Au XIXe siècle, l’opothérapie connaît une certaine vogue. En juin 1889, le physiologiste Adolphe Brown-Séquard annonce qu’il s’est injecté sous la peau un extrait aqueux de testicules broyés de chien et de cochon d’Inde. Il affirme que ces injections lui ont rendu ses forces physiques et ses capacités, que l’âge avait atténuées. Ainsi a débuté la recherche en organothérapie. On pensait alors que les diverses hormones – responsables de la croissance ou de l’immunité – que renfermaient ces préparations étaient porteuses du code génétique et avaient le pouvoir de reprogrammer les cellules, et ainsi de stimuler la guérison.

A son début, l’opothérapie consistait en la consommation de glandes fraîches hachées et réduites en poudre. La stabilité de telles préparations était incertaine, et les patients appréciaient difficilement leur goût et  leur texture. Mais au début du XXe siècle, des extraits de glandes plus stables et mieux acceptés des utilisateurs ont été élaborés.

Cependant, les extraits modernes de glandes endocrines ne renferment plus d’hormones parce que les procédés d’extraction utilisés éliminent toutes les substances solubles dans l’huile, dont les hormones. Ils contiennent par contre des peptides et des nucléotides qui sont respectivement des facteurs de croissance actifs à petites doses et des porteurs du code génétique.

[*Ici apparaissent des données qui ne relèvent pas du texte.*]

lemma minimal_norm_solution_operator_exists:
  fixes T :: "'a::{real_inner,complete_space} \<Rightarrow>\<^sub>L 'a"
  assumes "closed_range T"
  obtains S :: "'a \<Rightarrow>\<^sub>L 'a"
  where "\<And>y. T (S y) = orth_proj (range T) y"
    and "\<And>y. orth_proj {x. T x = 0} (S y) = 0"
    and "\<And>x. S (T x) = x - orth_proj {x. T x = 0} x"
proof -
  define K where "K = {x. T x = 0}"
  define R where "R = range (blinfun_apply T)"
  interpret K: closed_subspace K
    unfolding K_def by (rule closed_subspace_kernel[OF blinfun.bounded_linear_right])
  interpret R: closed_subspace R
    using subspace_range_blinfun assms by unfold_locales (simp_all add: R_def closed_range_def)
  interpret PK: bounded_linear "orth_proj K" by (rule K.bounded_linear_orth_proj)
  interpret PR: bounded_linear "orth_proj R" by (rule R.bounded_linear_orth_proj)
  obtain g C where g_T: "\<And>y. T (g y) = orth_proj R y" and g_norm: "\<And>y. norm (g y) \<le> C * norm y"
    using closed_range_orth_proj_preimages[OF assms] unfolding R_def by blast
  define S where "S y = g y - orth_proj K (g y)" for y
  have S_eq: "S y = x - orth_proj K x" if "T x = orth_proj R y" for x y
    using kernel_orthogonal_part_eq[of T "g y" x] that by (simp add: S_def g_T K_def)
  have "bounded_linear S"
  proof
    show "S (y1 + y2) = S y1 + S y2" for y1 y2
      by (subst S_eq[of "g y1 + g y2"]) (simp_all add: g_T blinfun.add_right PR.add PK.add S_def)
    show "S (c *\<^sub>R y) = c *\<^sub>R S y" for c y
      by (subst S_eq[of "c *\<^sub>R g y"])
        (simp_all add: g_T blinfun.scaleR_right PR.scale PK.scale S_def scaleR_diff_right)
    have "norm (S y) \<le> norm y * C" for y
      using K.norm_orth_proj_compl_le[of "g y"] g_norm[of y] by (simp add: S_def mult.commute)
    then show "\<exists>K. \<forall>y. norm (S y) \<le> norm y * K" by blast
  qed
  then have S_apply: "blinfun_apply (Blinfun S) = S" by (rule bounded_linear_Blinfun_apply)
  show ?thesis
  proof
    show "T (Blinfun S y) = orth_proj (range T) y" for y
      using K.orth_proj_in[of "g y"] by (simp add: S_apply S_def g_T blinfun.diff_right K_def R_def)
    show "orth_proj {x. T x = 0} (Blinfun S y) = 0" for y
      using K.orth_proj_id[OF K.orth_proj_in] by (simp add: S_apply S_def PK.diff flip: K_def)
    show "Blinfun S (T x) = x - orth_proj {x. T x = 0} x" for x
      using R.orth_proj_id[of "T x"] by (simp add: S_apply S_eq R_def K_def)
  qed
qed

L’histoire de la progression de l’organothérapie n’est pas linéaire. Après une relative popularité jusqu’à la première moitié du XXe siècle, la pratique est tombée dans l’oubli. Puis  en 1980, des recherches sur le thymus ont permis de redécouvrir son rôle capital dans la régulation du système immunitaire, on a pensé en utiliser des extraits pour agir sur ce système complexe. On croit que les peptides qu’on y retrouve (notamment la thymosine et la thymostimuline) pourraient avoir des effets immunomodulatoires, c’est-à-dire qu’ils pourraient stimuler ou freiner les réactions immunitaires, selon qu’elles sont trop faibles ou trop fortes. Alors l’organothérapie redevient populaire. Cependant, les craintes liées à la propagation possible de la maladie de la vache folle (encéphalopathie spongiforme bovine) par la consommation de produits à base de glandes d’animaux d’élevage ont contribué à refroidir l’intérêt pour ce type de produits au cours des années 1990.

Ces temps-ci, l’utilisation des extraits glandulaires appartient au domaine de la naturopathie et également dans des préparations homéopathiques à base d’extraits glandulaires. En revanche, on ne saurait dire s’il existe des essais cliniques dont les résultats permettraient de confirmer ou d’infirmer l’efficacité de telles préparations.